The violent ringing of the bell summons the mother, two aunts, the housemaid, and the lady’s little dog. These having heard the narrative of Beppino’s unparalleled insolence, are seized with such indignation that they begin to laugh like mad.

The little dog, being unable to laugh like the rest, barks, and evidences his share in the family joys and sorrows by beginning to gnaw his dear master’s embroidered slippers.

Collodi.

STRAY THOUGHTS OF AN IDLER.

“He who sleeps catches no fish,”—but he who keeps awake catches crabs every moment of his life.

All professions can yield a man enough to live on,—except professions of faith.

When attending the performance of some modern operas, it has struck me that the conductor was only beating time because he could not beat the composer.

If in the sight of the law all men are equal, Heaven save us from getting into its sight.

When you want to get rid of a dog, you take off his collar;—when the king wants to get rid of a minister, he gives him the collar—of the Order of the Annunziata.

The place where they ruin people’s voices, and throw aside all the canons of art, is called the Conservatoire; and a hospital full of sick people is called a “house of health” (Casa di Salute).

Among the many motives which induce me to stay away from the theatre is the utter absence of all motive in modern operas.

How many old phrases are required to make a new electoral programme!

All musical notes may express cheerful ideas; it is only the notes of creditors which arouse none but melancholy reflections.

I entered the shop of a pork-butcher at the moment when his son, aged eight, was returning from school. The poor boy was weeping bitterly.

“The old story!” exclaimed his parent; “I suppose you did not learn your lessons, and the master called you an ass, as you deserved!”

“Yes!” replied the child, sobbing, “he did call me an ass,—and then——”

“Well,—and then—what else?”

“He said, ‘Well, after all, it is no wonder—like father, like son!’”

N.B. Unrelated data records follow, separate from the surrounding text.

(* Write q0_hat as the larger root q of q^2 + v0_hat(eta) q = A K s rho(eta), where
   rho = r_hat eta^2 = eta^2 / R and R = 1 / r_hat = beta C / eta + 1 + beta eta / C.
   On the critical manifold q = Kh, which forces s = psi_B(eta) = alpha Kh R(eta).
   Implicit differentiation of the quadratic shows that along this curve the
   eta-derivative of g0_hat is a positive multiple of R'(eta) = beta / C - beta C / eta^2,
   so the only fold is at eta = C, where R = 2 beta + 1 and s = alpha Kh (2 beta + 1).
   There the numerator of the eta-derivative vanishes, so the second derivative is the
   derivative of that numerator over sqrt(disc), disc = v0_hat^2 + 4 A K s rho, namely
   2 alpha A K Kh beta / ((2 beta + 1) (alpha A K C^2 + Kh)) > 0; the s-derivative is
   -A K rho / sqrt(disc) < 0, and f0_hat = Ks - alpha Kh < 0. *)

definition quad_root :: "real \<Rightarrow> real \<Rightarrow> real" where
  "quad_root a b = (sqrt (a\<^sup>2 + 4 * b) - a) / 2"

lemma two_quad_root_add: "2 * quad_root a b + a = sqrt (a\<^sup>2 + 4 * b)"
  by (simp add: quad_root_def field_simps)

lemma quad_root_eq_iff:
  assumes "2 * q + a \<ge> 0"
  shows "quad_root a b = q \<longleftrightarrow> q\<^sup>2 + a * q = b"
proof -
  have "quad_root a b = q \<longleftrightarrow> sqrt (a\<^sup>2 + 4 * b) = 2 * q + a"
    by (auto simp: quad_root_def)
  also have "\<dots> \<longleftrightarrow> a\<^sup>2 + 4 * b = (2 * q + a)\<^sup>2"
    using assms by (metis abs_of_nonneg real_sqrt_abs real_sqrt_eq_iff)
  also have "\<dots> \<longleftrightarrow> a\<^sup>2 + 4 * b = a\<^sup>2 + 4 * (q\<^sup>2 + a * q)"
    by (simp add: power2_eq_square algebra_simps)
  also have "\<dots> \<longleftrightarrow> q\<^sup>2 + a * q = b"
    by auto
  finally show ?thesis .
qed

(* Implicit differentiation of q^2 + a q = b. *)
lemma DERIV_quad_root:
  assumes "(a has_real_derivative a') (at t)" "(b has_real_derivative b') (at t)"
    and "(a t)\<^sup>2 + 4 * b t > 0"
  shows "((\<lambda>t. quad_root (a t) (b t)) has_real_derivative
           (b' - a' * quad_root (a t) (b t)) / (2 * quad_root (a t) (b t) + a t)) (at t)"
proof -
  define q where "q = quad_root (a t) (b t)"
  have w: "sqrt ((a t)\<^sup>2 + 4 * b t) = 2 * q + a t"
    by (simp add: q_def two_quad_root_add)
  have derivative: "((\<lambda>t. quad_root (a t) (b t)) has_real_derivative
           ((2 * a t * a' + 4 * b') / (2 * sqrt ((a t)\<^sup>2 + 4 * b t)) - a') / 2) (at t)"
    unfolding quad_root_def using assms
    by (auto intro!: derivative_eq_intros simp: power2_eq_square divide_simps)
  have "2 * q + a t > 0"
    unfolding w[symmetric] using assms(3) by simp
  then have "((2 * a t * a' + 4 * b') / (2 * sqrt ((a t)\<^sup>2 + 4 * b t)) - a') / 2
               = (b' - a' * q) / (2 * q + a t)"
    unfolding w by (simp add: field_simps)
  with derivative show ?thesis
    by (simp add: q_def)
qed

(* At a critical point of q the numerator below vanishes, so only its derivative contributes. *)
lemma DERIV_quad_root_deriv_at_critical:
  assumes "(a has_real_derivative a' t) (at t)" "(b has_real_derivative b' t) (at t)"
    and "(a' has_real_derivative a'') (at t)" "(b' has_real_derivative b'') (at t)"
    and "(a t)\<^sup>2 + 4 * b t > 0"
    and critical: "b' t = a' t * quad_root (a t) (b t)"
  shows "((\<lambda>s. (b' s - a' s * quad_root (a s) (b s)) / (2 * quad_root (a s) (b s) + a s))
           has_real_derivative
         (b'' - a'' * quad_root (a t) (b t)) / (2 * quad_root (a t) (b t) + a t)) (at t)"
proof -
  let ?q = "\<lambda>s. quad_root (a s) (b s)"
  have q: "(?q has_real_derivative 0) (at t)"
    using DERIV_quad_root[OF assms(1,2,5)] critical by simp
  have numerator: "((\<lambda>s. b' s - a' s * ?q s) has_real_derivative b'' - a'' * ?q t) (at t)"
    by (auto intro!: derivative_eq_intros q assms(3,4))
  have denominator: "((\<lambda>s. 2 * ?q s + a s) has_real_derivative a' t) (at t)"
    by (auto intro!: derivative_eq_intros q assms(1))
  have "2 * ?q t + a t > 0" using assms(5) by (simp add: two_quad_root_add)
  then show ?thesis
    using DERIV_divide[OF numerator denominator] critical by (simp add: power2_eq_square)
qed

“Did he, indeed? the animal!” exclaimed the pork-butcher. “And to think that perhaps he has not yet eaten the whole of those two sausages I sent him at Christmas!”

Antonio Ghislanzoni.

MEN AND INSTRUMENTS.

We have been told over and over again that “the style is the man.”

I would substitute for this “The instrument is the man.”

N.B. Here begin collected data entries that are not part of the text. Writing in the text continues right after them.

(* Let $k\ge 2$ and let $P$ be a finite poset excluding $\mathbf{k}+\mathbf{k}$, of height $h$. If every convex subposet $Q$ of $P$ of height at most $4k-4$ satisfies $\dim(Q)\le d_1$, then $\dim(P)\le (h+1)d_1$.
   Context: $\mathbf{k}+\mathbf{k}$ is the disjoint union of two $k$-element chains with all points of one incomparable to all points of the other; $P$ excludes it if no subposet is isomorphic to it. A subposet $Q$ is convex if $x,z\in Q$ and $x<y<z$ imply $y\in Q$. $\dim$ denotes the Dushnik–Miller dimension. *)

theory Defs
  imports Main
begin

definition poset_on :: "'a set \<Rightarrow> ('a \<Rightarrow> 'a \<Rightarrow> bool) \<Rightarrow> bool" where
  "poset_on X le \<longleftrightarrow>
     (\<forall>x\<in>X. le x x) \<and>
     (\<forall>x\<in>X. \<forall>y\<in>X. le x y \<and> le y x \<longrightarrow> x = y) \<and>
     (\<forall>x\<in>X. \<forall>y\<in>X. \<forall>z\<in>X. le x y \<and> le y z \<longrightarrow> le x z)"

definition chain_in :: "'a set \<Rightarrow> ('a \<Rightarrow> 'a \<Rightarrow> bool) \<Rightarrow> bool" where
  "chain_in C le \<longleftrightarrow> (\<forall>x\<in>C. \<forall>y\<in>C. le x y \<or> le y x)"

definition height :: "'a set \<Rightarrow> ('a \<Rightarrow> 'a \<Rightarrow> bool) \<Rightarrow> nat" where
  "height X le = Max {card C | C. C \<subseteq> X \<and> chain_in C le}"

definition incomparable :: "('a \<Rightarrow> 'a \<Rightarrow> bool) \<Rightarrow> 'a \<Rightarrow> 'a \<Rightarrow> bool" where
  "incomparable le x y \<longleftrightarrow> \<not> le x y \<and> \<not> le y x"

definition excludes_kk :: "'a set \<Rightarrow> ('a \<Rightarrow> 'a \<Rightarrow> bool) \<Rightarrow> nat \<Rightarrow> bool" where
  "excludes_kk X le k \<longleftrightarrow>
     \<not> (\<exists>C D. C \<subseteq> X \<and> D \<subseteq> X \<and> card C = k \<and> card D = k \<and> C \<inter> D = {} \<and>
              chain_in C le \<and> chain_in D le \<and> (\<forall>x\<in>C. \<forall>y\<in>D. incomparable le x y))"

definition convex_in :: "'a set \<Rightarrow> ('a \<Rightarrow> 'a \<Rightarrow> bool) \<Rightarrow> 'a set \<Rightarrow> bool" where
  "convex_in X le Q \<longleftrightarrow> Q \<subseteq> X \<and>
     (\<forall>x\<in>Q. \<forall>z\<in>Q. \<forall>y\<in>X. le x y \<and> le y z \<longrightarrow> y \<in> Q)"

definition linear_extension :: "'a set \<Rightarrow> ('a \<Rightarrow> 'a \<Rightarrow> bool) \<Rightarrow> ('a \<Rightarrow> 'a \<Rightarrow> bool) \<Rightarrow> bool" where
  "linear_extension X le L \<longleftrightarrow> poset_on X L \<and> (\<forall>x\<in>X. \<forall>y\<in>X. L x y \<or> L y x) \<and>
     (\<forall>x\<in>X. \<forall>y\<in>X. le x y \<longrightarrow> L x y)"

definition realizer :: "'a set \<Rightarrow> ('a \<Rightarrow> 'a \<Rightarrow> bool) \<Rightarrow> nat \<Rightarrow> (nat \<Rightarrow> 'a \<Rightarrow> 'a \<Rightarrow> bool) \<Rightarrow> bool" where
  "realizer X le t L \<longleftrightarrow> (\<forall>i<t. linear_extension X le (L i)) \<and>
     (\<forall>x\<in>X. \<forall>y\<in>X. le x y \<longleftrightarrow> (\<forall>i<t. L i x y))"

definition dim :: "'a set \<Rightarrow> ('a \<Rightarrow> 'a \<Rightarrow> bool) \<Rightarrow> nat" where
  "dim X le = (LEAST t. 1 \<le> t \<and> (\<exists>L. realizer X le t L))"

end

theory Submission
  imports Defs
begin

text \<open>Let \<open>\<rho> x\<close> and \<open>\<delta> x\<close> be the sizes of longest chains ending and starting at \<open>x\<close>, so that
  \<open>\<rho> b + \<delta> a \<le> h + 1\<close> whenever \<open>b \<le> a\<close>. If \<open>x\<close> and \<open>y\<close> are incomparable then
  \<open>\<rho> y + \<delta> x \<le> h + 2k - 2\<close>, for otherwise \<open>k\<close>-chains just below \<open>y\<close> and just above \<open>x\<close> would
  form a copy of \<open>k + k\<close>. Hence every incomparable pair lies in one of the \<open>h + 1\<close> convex bands
  \<open>{x. \<delta> x \<le> h + 1 - i \<and> \<rho> x \<le> i + 2k - 3}\<close>, and again by the exclusion of \<open>k + k\<close> each band
  has height at most \<open>4k - 4\<close>. Extending realizers of the bands to linear extensions of the whole
  poset and concatenating them yields a realizer with \<open>(h + 1) d\<^sub>1\<close> linear orders.\<close>

section \<open>Chains and height\<close>

lemma finite_chain_cards: "finite X \<Longrightarrow> finite {card C | C. C \<subseteq> X \<and> chain_in C le}"
  by (rule finite_subset[of _ "card ` Pow X"]) auto

lemma card_le_height: "finite X \<Longrightarrow> C \<subseteq> X \<Longrightarrow> chain_in C le \<Longrightarrow> card C \<le> height X le"
  unfolding height_def by (rule Max_ge[OF finite_chain_cards]) blast+

lemma height_attained:
  assumes "finite X"
  obtains C where "C \<subseteq> X" "chain_in C le" "card C = height X le"
proof -
  have "chain_in {} le" by (simp add: chain_in_def)
  then have "{card C | C. C \<subseteq> X \<and> chain_in C le} \<noteq> {}" by blast
  from Max_in[OF finite_chain_cards[OF assms] this] show ?thesis
    using that unfolding height_def by auto
qed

And whereas the proverb runs, “Tell me who your friends are, and I will tell you who you are,” I would amend it thus, “Tell me what you blow into or scrape upon, and I will tell your fortune.”

After this, I must request professional gentlemen, employed in orchestras and otherwise, not to suspect any malicious intent in my remarks, which are principally aimed at amateurs—those who murder some instrument or other out of pure conviction,—all who began to twang the guitar when they were studying medicine, or to practise on the cornet after a year’s experience of matrimony.